Re: [2.6.27] overlapping early reservations [was: early exception - lockdep related?]

Previous thread: [git pull] x86 fixes by Ingo Molnar on Friday, September 5, 2008 - 11:51 am. (1 message)

Next thread: blocks of zeros (NULLs) in NFS files in kernels >= 2.6.20 by Aaron Straus on Friday, September 5, 2008 - 12:19 pm. (25 messages)
From: Luca Tettamanti
Date: Friday, September 5, 2008 - 12:17 pm

Hum, kernel says:

http://img177.imageshack.us/my.php?image=overlappingus2.jpg

Overlapping early reservations b98000-eff266 RAMDISK to 200000-d09cf7
TEXT DATA BSS

It would appear that the initramfs is overlapping the kernel itself,
is the boot loader (LILO) doing something stupid?

Luca
--

From: Peter Zijlstra
Date: Friday, September 5, 2008 - 12:25 pm

Suppose it is, lets ask hpa..

--

From: H. Peter Anvin
Date: Friday, September 5, 2008 - 1:18 pm

It definitely looks like it.

	-hpa
--

From: Luca Tettamanti
Date: Saturday, September 6, 2008 - 6:20 am

Is there anything that the kernel could to do confuse lilo?
The issue started appearing with 2.6.27 and the outcome of the boot
process varies between versions and seems sensitive to configuration
changes (though a "bad" kernel consistently fails).

Orthogonal to my problem: the panic() in reserve_early is useless for
debugging since the output won't reach the screen or the serial
console (even worse: the kernel takes an exception while trying to
execute the panic).
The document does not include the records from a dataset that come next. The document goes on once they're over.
(* For every $M \geq 1$ there exist $H \geq 1$ and $\epsilon > 0$ such that the following holds. Let $f \colon (\mathbb{W},d_{\mathrm{par}}) \to (\mathbb{H},d)$ be an $M$-bilipschitz map, let $\theta \in [-\pi/2,\pi/2)$, and let $Q \in \mathcal{D}$ be such that $\beta_{f}(\mathbb{V};HQ) < \epsilon/H$ for some vertical subgroup $\mathbb{V}$ with $\angle(\mathbb{V},\mathbb{W}_{\theta}) = 0$. Then $\mathcal{H}^{3}(\Pi_{\theta}[f(HQ)]) \geq \ell(Q)^{3}$.
   Context: $\mathbb{H}$ is $\mathbb{R}^{3}$ with group law $(x_{1},y_{1},t_{1}) \cdot (x_{2},y_{2},t_{2}) = (x_{1}+x_{2},y_{1}+y_{2},t_{1}+t_{2}+\tfrac{1}{2}(x_{1}y_{2}-x_{2}y_{1}))$, metric $d(p,q) = \|q^{-1}\cdot p\|$ with $\|(x,y,t)\| = \max\{\sqrt{x^{2}+y^{2}},\sqrt{|t|}\}$, $N(E,\delta) = \{p : \operatorname{dist}(p,E) \leq \delta\}$, and $\mathcal{H}^{3}$ the $3$-dimensional Hausdorff measure w.r.t. $d$. Horizontal lines in $\mathbb{H}$: sets $p \cdot \{(sa,sb,0) : s \in \mathbb{R}\}$, $(a,b) \neq 0$. Vertical planes: sets $\{(x,y,t) : (x,y) \in \lambda\}$, $\lambda \subset \mathbb{R}^{2}$ an affine line; vertical subgroups are those containing $0$. $R_{\theta}(z,t) = (e^{i\theta}z,t)$ with $z = x+iy$; $\mathbb{W}_{\theta} = R_{\theta}(\{(0,y,t)\})$; $\Pi(x,y,t) = (0,y,t+\tfrac{1}{2}xy)$ and $\Pi_{\theta} = R_{\theta} \circ \Pi \circ R_{\theta}^{-1}$. A horizontal line not contained in a left translate of the $xt$-plane can be written uniquely as $\{(ay+b,y,\tfrac{1}{2}by+c) : y \in \mathbb{R}\}$; its slope is $|a|$ (and $\infty$ for lines in translates of the $xt$-plane); the slope $\angle(\mathbb{V})$ of a vertical plane is the slope of any horizontal line it contains, and $\angle(\mathbb{V},\mathbb{W}_{\theta}) := \angle(R_{\theta}^{-1}\mathbb{V})$. $\mathbb{W}$ is $\mathbb{R}^{2}$ with $d_{\mathrm{par}}((y,t),(\xi,\tau)) = \max\{|y-\xi|,|t-\tau|^{1/2}\}$; horizontal lines in $\mathbb{W}$ are $\mathbb{R} \times \{t\}$. $\mathcal{D}$: dyadic parabolic rectangles $Q = [k2^{-n},(k+1)2^{-n}) \times [l4^{-n},(l+1)4^{-n})$, $\ell(Q) = 2^{-n}$, centre $c_{Q}$, $HQ$ the closed $d_{\mathrm{par}}$-ball of radius $H\ell(Q)$ around $c_{Q}$. For a vertical plane $\mathbb{V}$ and a closed parabolic ball $B(w,r)$, $\beta_{f}(\mathbb{V};B(w,r))$ is the infimum of $\epsilon > 0$ such that for every horizontal line $\ell \subset \mathbb{W}$ there is a horizontal line $L \subset \mathbb{V}$ with $f(\ell \cap B(w,r)) \subset N(L,\epsilon r)$. *)

theory Defs
  imports "HOL-Analysis.Analysis"
begin

type_synonym heis = "real \<times> real \<times> real"

definition hmult :: "heis \<Rightarrow> heis \<Rightarrow> heis" where
  "hmult p q = (case p of (x1, y1, t1) \<Rightarrow> case q of (x2, y2, t2) \<Rightarrow>
      (x1 + x2, y1 + y2, t1 + t2 + (x1 * y2 - x2 * y1) / 2))"

definition hinv :: "heis \<Rightarrow> heis" where
  "hinv p = (case p of (x, y, t) \<Rightarrow> (-x, -y, -t))"

definition hnorm :: "heis \<Rightarrow> real" where
  "hnorm p = (case p of (x, y, t) \<Rightarrow> max (sqrt (x\<^sup>2 + y\<^sup>2)) (sqrt \<bar>t\<bar>))"

definition hdist :: "heis \<Rightarrow> heis \<Rightarrow> real" where
  "hdist p q = hnorm (hmult (hinv q) p)"

definition hsetdist :: "heis \<Rightarrow> heis set \<Rightarrow> real" where
  "hsetdist p E = Inf {hdist p q | q. q \<in> E}"

definition hnbhd :: "heis set \<Rightarrow> real \<Rightarrow> heis set" where
  "hnbhd E \<delta> = {p. hsetdist p E \<le> \<delta>}"

definition mdiam :: "('a \<Rightarrow> 'a \<Rightarrow> real) \<Rightarrow> 'a set \<Rightarrow> real" where
  "mdiam d E = (if E = {} then 0 else Sup {d x y | x y. x \<in> E \<and> y \<in> E})"

definition hausdorff_content :: "('a \<Rightarrow> 'a \<Rightarrow> real) \<Rightarrow> real \<Rightarrow> real \<Rightarrow> 'a set \<Rightarrow> ennreal" where
  "hausdorff_content d s \<delta> A =
     (INF C \<in> {C :: nat \<Rightarrow> 'a set. A \<subseteq> (\<Union>i. C i) \<and>
                 (\<forall>i. bdd_above {d x y | x y. x \<in> C i \<and> y \<in> C i} \<and> mdiam d (C i) \<le> \<delta>)}.
        (\<Sum>i. ennreal (mdiam d (C i) powr s)))"

definition hausdorff_measure :: "('a \<Rightarrow> 'a \<Rightarrow> real) \<Rightarrow> real \<Rightarrow> 'a set \<Rightarrow> ennreal" where
  "hausdorff_measure d s A = (SUP \<delta> \<in> {0<..}. hausdorff_content d s \<delta> A)"

definition horizontal_line :: "heis set \<Rightarrow> bool" where
  "horizontal_line L \<longleftrightarrow> (\<exists>p a b. (a, b) \<noteq> (0, 0) \<and> L = {hmult p (s * a, s * b, 0) | s. True})"

definition vertical_plane :: "heis set \<Rightarrow> bool" where
  "vertical_plane V \<longleftrightarrow> (\<exists>x0 y0 a b. (a, b) \<noteq> (0, 0) \<and>
      V = {(x, y, t). \<exists>s. x = x0 + s * a \<and> y = y0 + s * b})"

definition vertical_subgroup :: "heis set \<Rightarrow> bool" where
  "vertical_subgroup V \<longleftrightarrow> vertical_plane V \<and> (0, 0, 0) \<in> V"

definition line_slope :: "heis set \<Rightarrow> ereal" where
  "line_slope L = (if \<exists>a b c. L = {(a * y + b, y, b * y / 2 + c) | y. True}
      then ereal \<bar>THE a. \<exists>b c. L = {(a * y + b, y, b * y / 2 + c) | y. True}\<bar>
      else \<infinity>)"

definition plane_slope :: "heis set \<Rightarrow> ereal" where
  "plane_slope V = line_slope (SOME L. horizontal_line L \<and> L \<subseteq> V)"

definition rot :: "real \<Rightarrow> heis \<Rightarrow> heis" where
  "rot \<theta> p = (case p of (x, y, t) \<Rightarrow> (x * cos \<theta> - y * sin \<theta>, x * sin \<theta> + y * cos \<theta>, t))"

definition plane_angle :: "heis set \<Rightarrow> real \<Rightarrow> ereal" where
  "plane_angle V \<theta> = plane_slope (rot (-\<theta>) ` V)"

definition Wtheta :: "real \<Rightarrow> heis set" where
  "Wtheta \<theta> = rot \<theta> ` {(0, y, t) | y t. True}"

definition proj :: "heis \<Rightarrow> heis" where
  "proj p = (case p of (x, y, t) \<Rightarrow> (0, y, t + x * y / 2))"

definition proj_theta :: "real \<Rightarrow> heis \<Rightarrow> heis" where
  "proj_theta \<theta> = rot \<theta> \<circ> proj \<circ> rot (-\<theta>)"

definition dpar :: "real \<times> real \<Rightarrow> real \<times> real \<Rightarrow> real" where
  "dpar w v = (case w of (y, t) \<Rightarrow> case v of (\<xi>, \<tau>) \<Rightarrow> max \<bar>y - \<xi>\<bar> (sqrt \<bar>t - \<tau>\<bar>))"

definition pball :: "real \<times> real \<Rightarrow> real \<Rightarrow> (real \<times> real) set" where
  "pball w r = {v. dpar w v \<le> r}"

definition bilipschitz :: "real \<Rightarrow> (real \<times> real \<Rightarrow> heis) \<Rightarrow> bool" where
  "bilipschitz M f \<longleftrightarrow> (\<forall>w v. dpar w v / M \<le> hdist (f w) (f v) \<and> hdist (f w) (f v) \<le> M * dpar w v)"

definition dyadic_rect :: "int \<Rightarrow> int \<Rightarrow> int \<Rightarrow> (real \<times> real) set" where
  "dyadic_rect n k l = {k * 2 powr (-n) ..< (k + 1) * 2 powr (-n)} \<times> {l * 4 powr (-n) ..< (l + 1) * 4 powr (-n)}"

definition side :: "int \<Rightarrow> real" where
  "side n = 2 powr (- real_of_int n)"

definition centre :: "int \<Rightarrow> int \<Rightarrow> int \<Rightarrow> real \<times> real" where
  "centre n k l = ((k + 1/2) * 2 powr (-n), (l + 1/2) * 4 powr (-n))"

text \<open>HQ: closed d_par ball of radius H l(Q) around c_Q.\<close>
definition enlarged :: "real \<Rightarrow> int \<Rightarrow> int \<Rightarrow> int \<Rightarrow> (real \<times> real) set" where
  "enlarged H n k l = pball (centre n k l) (H * side n)"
Is it acceptable to replace it with an
early_printk + hlt?

Luca
--

From: Ingo Molnar
Date: Saturday, September 6, 2008 - 7:51 am

good question. Does your successful 2.6.26 bootup actually _depend_ on 
the initrd? Or does it perhaps have enough built-in drivers that make it 
boot just fine?

in that case v2.6.26 might just have stomped on the initrd silently, 
corrupted it (during kernel decompress), and the initrd unpacker saw the 
corruption and ignored it. Userspace wouldnt care as the kernel had all 
the drivers it needed.

or perhaps something made your v2.6.27 bzImage larger so that the 

very much so. I was wondering about that already.

In any case it would make sense to turn that particular overlap 
situation into a warning message and disable initrd decompress - and try 
to boot with whatever is built-in the kernel.

	Ingo
--

From: Yinghai Lu
Date: Saturday, September 6, 2008 - 9:06 am

console=uart8250,io,0x3f8,115200n8
could help

YH
--

From: Luca Tettamanti
Date: Monday, September 8, 2008 - 10:54 am

Nope, parse_early_param() is called in start_kernel(), my kernel dies

How does LILO decides where to put the initrd (I find LILO code...
obscure)? I mean, it gets a compressed image: how does it know the
size of the uncompressed kernel image? Is it the payload_length in the
real mode header? (answer to self: no, it appears to be the compressed

I'm already using the latest version.

Luca
--

From: Yinghai Lu
Date: Monday, September 8, 2008 - 11:04 am

On Mon, Sep 8, 2008 at 10:54 AM, Luca Tettamanti <kronos.it@gmail.com> wrote:

can you post boot log with working kernel + "debug"?

YH
--

From: Luca Tettamanti
Date: Monday, September 8, 2008 - 12:14 pm

This is the map of the early reservations (will send the dmesg + debug later):

[    0.000000] (6 early reservations) ==> bootmem [0000000000 - 00bbf90000]
[    0.000000]   #0 [0000000000 - 0000001000]   BIOS data page ==>
[0000000000 - 0000001000]
[    0.000000]   #1 [0000006000 - 0000008000]       TRAMPOLINE ==>
[0000006000 - 0000008000]
[    0.000000]   #2 [0000200000 - 0000d012b8]    TEXT DATA BSS ==>
[0000200000 - 0000d012b8]
[    0.000000]   #3 [00037dc000 - 00040fe2d9]          RAMDISK ==>
[00037dc000 - 00040fe2d9]
[    0.000000]   #4 [000009c800 - 0000100000]    BIOS reserved ==>
[000009c800 - 0000100000]
[    0.000000]   #5 [0000008000 - 000000b000]          PGTABLE ==>
[0000008000 - 000000b000]

As a side note: I've bigger older (2.6.26) kernels that boots fine,
and smaller 2.6.27 kernels that do not work, e.g. this one:

Overlapping early reservations b71000-effb43 RAMDISK to 200000-c84ecf
TEXT DATA BSS

Luca
--

From: Yinghai Lu
Date: Monday, September 8, 2008 - 12:35 pm

that could explain sth. big kernel use more,  and lilo put ramdisk

need to figure out, lilo put ramdisk so low...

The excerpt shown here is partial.